(Collected data)
*** Block opens ***

section \<open>Multiplication by x^d + y^D\<close>

lemma binomial_cancellation_run:
  fixes W :: "'a::comm_ring_1 poly poly"
  assumes "0 < D"
    and fW: "(varX ^ d + varY ^ D) * W \<in> monomial_ideal I"
    and shift_y: "\<And>p q. I' p q \<Longrightarrow> I p (q + D)"
    and start: "coeff2 W s t \<noteq> 0" "\<not> I' s t"
    and blocked: "\<And>k q. q + k * D = t \<Longrightarrow> \<not> I' (s + k * d) q \<Longrightarrow> \<not> I (s + k * d + d) q"
  shows False
proof -
  have fW_coeff: "coeff2 ((varX ^ d + varY ^ D) * W) p q = 0" if "\<not> I p q" for p q
    using fW that by (auto simp: monomial_ideal_def)
  (* The coefficient of x^(s+kd+d) y^(q+D) in (x^d + y^D) W is W(s+kd, q+D) + W(s+kd+d, q) and
     vanishes by blocked, so a nonzero coefficient outside I' moves from (s, t) to (s + kd, t - kD). *)
  have run: "coeff2 W (s + k * d) q \<noteq> 0 \<and> \<not> I' (s + k * d) q" if "q + k * D = t" for k q
    using that
  proof (induction k arbitrary: q)
    case 0
    then show ?case
      using start by simp
  next
    case (Suc k)
    have IH: "coeff2 W (s + k * d) (q + D) \<noteq> 0" "\<not> I' (s + k * d) (q + D)"
      using Suc.IH[of "q + D"] Suc.prems by (simp_all add: algebra_simps)
    then have "\<not> I (s + k * d + d) (q + D)"
      using blocked[of "q + D" k] Suc.prems by (simp add: algebra_simps)
    then have "coeff2 W (s + k * d) (q + D) + coeff2 W (s + k * d + d) q = 0"
      using fW_coeff[of "s + k * d + d" "q + D"] by (simp add: coeff2_binomial_mult)
    moreover have "\<not> I' (s + k * d + d) q"
      using shift_y \<open>\<not> I (s + k * d + d) (q + D)\<close> by blast
    ultimately show ?case
      using IH(1) by (auto simp: algebra_simps)
  qed
  define K r where "K = t div D" and "r = t mod D"
  have "r + K * D = t"
    by (simp add: K_def r_def)
  then have "coeff2 W (s + K * d) r \<noteq> 0" "\<not> I (s + K * d + d) r"
    using run blocked by blast+
  moreover have "r < D"
    using \<open>0 < D\<close> by (simp add: r_def)
  ultimately show False
    using fW_coeff[of "s + K * d + d" r] by (simp add: coeff2_binomial_mult)
qed
lemma edge_relaxed_or_pending_step:
  assumes st: "step E w h \<sigma> \<sigma>'" and rel: "edge_relaxed_or_pending w \<sigma> c v"
    and same: "dl \<sigma>' c = dl \<sigma> c"
  shows "edge_relaxed_or_pending w \<sigma>' c v"
  using rel[unfolded edge_relaxed_or_pending_def]
proof (elim disjE exE conjE)
  assume "dl \<sigma> (v, snd c) \<le> dl \<sigma> c + ereal (w (fst c) v)"
  then show ?thesis
    using step_dl_mono[OF st, of "(v, snd c)"] by (auto simp: edge_relaxed_or_pending_def same)
next
  assume "Rd c v \<in># pend \<sigma>"
  then show ?thesis
    using step_Rd[OF st, of c v] unfolding edge_relaxed_or_pending_def same by blast
next
  fix x
  assume "x \<le> dl \<sigma> c + ereal (w (fst c) v)" "Wr (v, snd c) x \<in># pend \<sigma>"
  then show ?thesis
    using step_Wr[OF st, of "(v, snd c)" x] unfolding edge_relaxed_or_pending_def same
    by (blast intro: order_trans)
qed

lemma copy_handled_step:
  assumes st: "step E w h \<sigma> \<sigma>'" and handled: "copy_handled E w h \<sigma> c"
    and "finite (fr \<sigma>)" "finite (nbrs E (fst c))"
  shows "copy_handled E w h \<sigma>' c"
proof (cases "dl \<sigma>' c = dl \<sigma> c")
  case True
  note pruned = step_pruned[OF st _ True]
  have "awaiting_expansion \<sigma>' c \<or> pruned h (mu \<sigma>') (dl \<sigma>') c
      \<or> (\<forall>v \<in> nbrs E (fst c). Rd c v \<in># pend \<sigma>')"
    if "awaiting_expansion \<sigma> c"
    using that step_fr[OF st _ \<open>finite (fr \<sigma>)\<close>] step_Check[OF st _ \<open>finite (nbrs E (fst c))\<close>]
      step_Mu[OF st] step_Ins[OF st] pruned
    unfolding awaiting_expansion_def by blast
  then show ?thesis
    using handled pruned edge_relaxed_or_pending_step[OF st _ True]
    unfolding copy_handled_def edge_relaxed_or_pending_def by blast
next
  case False
  then show ?thesis
    using step_dl_decrease[OF st] by (auto simp: copy_handled_def awaiting_expansion_def)
qed

definition expansion_invariant ::
  "('v \<times> 'v) set \<Rightarrow> ('v \<Rightarrow> 'v \<Rightarrow> real) \<Rightarrow> ('v \<Rightarrow> real) \<Rightarrow> 'v state \<Rightarrow> bool" where
  "expansion_invariant E w h \<sigma> \<longleftrightarrow> finite (fr \<sigma>) \<and> (\<forall>c. copy_handled E w h \<sigma> c)"

lemma expansion_invariant_reachable:
  assumes "\<And>u. finite (nbrs E u)" "(step E w h)\<^sup>*\<^sup>* (init_state s t) \<sigma>"
  shows "expansion_invariant E w h \<sigma>"
  using assms(2)
proof (induction rule: rtranclp_induct)
  case base
  show ?case
    by (auto simp: expansion_invariant_def copy_handled_def awaiting_expansion_def
        edge_relaxed_or_pending_def init_state_def)
next
  case (step \<sigma> \<sigma>')
  then show ?case
    using copy_handled_step[OF step.hyps(2)] step_finite_fr[OF step.hyps(2)] assms(1)
    by (simp add: expansion_invariant_def)
qed

lemma dl_reachable_le_init:
  "(step E w h)\<^sup>*\<^sup>* (init_state s t) \<sigma> \<Longrightarrow> dl \<sigma> c \<le> dl (init_state s t) c"
  by (induction rule: rtranclp_induct) (auto dest: step_dl_mono[of _ _ _ _ _ c] intro: order_trans)

lemma relaxed_if_terminated:
  assumes "expansion_invariant E w h \<sigma>" "fr \<sigma> = {}" "pend \<sigma> = {#}"
  shows "relaxed E w h (mu \<sigma>) (dl \<sigma>)"
  using assms
  by (fastforce simp: expansion_invariant_def copy_handled_def awaiting_expansion_def
      edge_relaxed_or_pending_def relaxed_def nbrs_def)

lemma meet_if_terminated:
  "meeting_invariant \<sigma> \<Longrightarrow> pend \<sigma> = {#} \<Longrightarrow> mu \<sigma> \<le> dl \<sigma> (v, True) + dl \<sigma> (v, False)"
  by (simp add: meeting_invariant_def)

*** Block closes ***

Count the lines above in which the string "moreover" occurs, and write the number with no other text.

2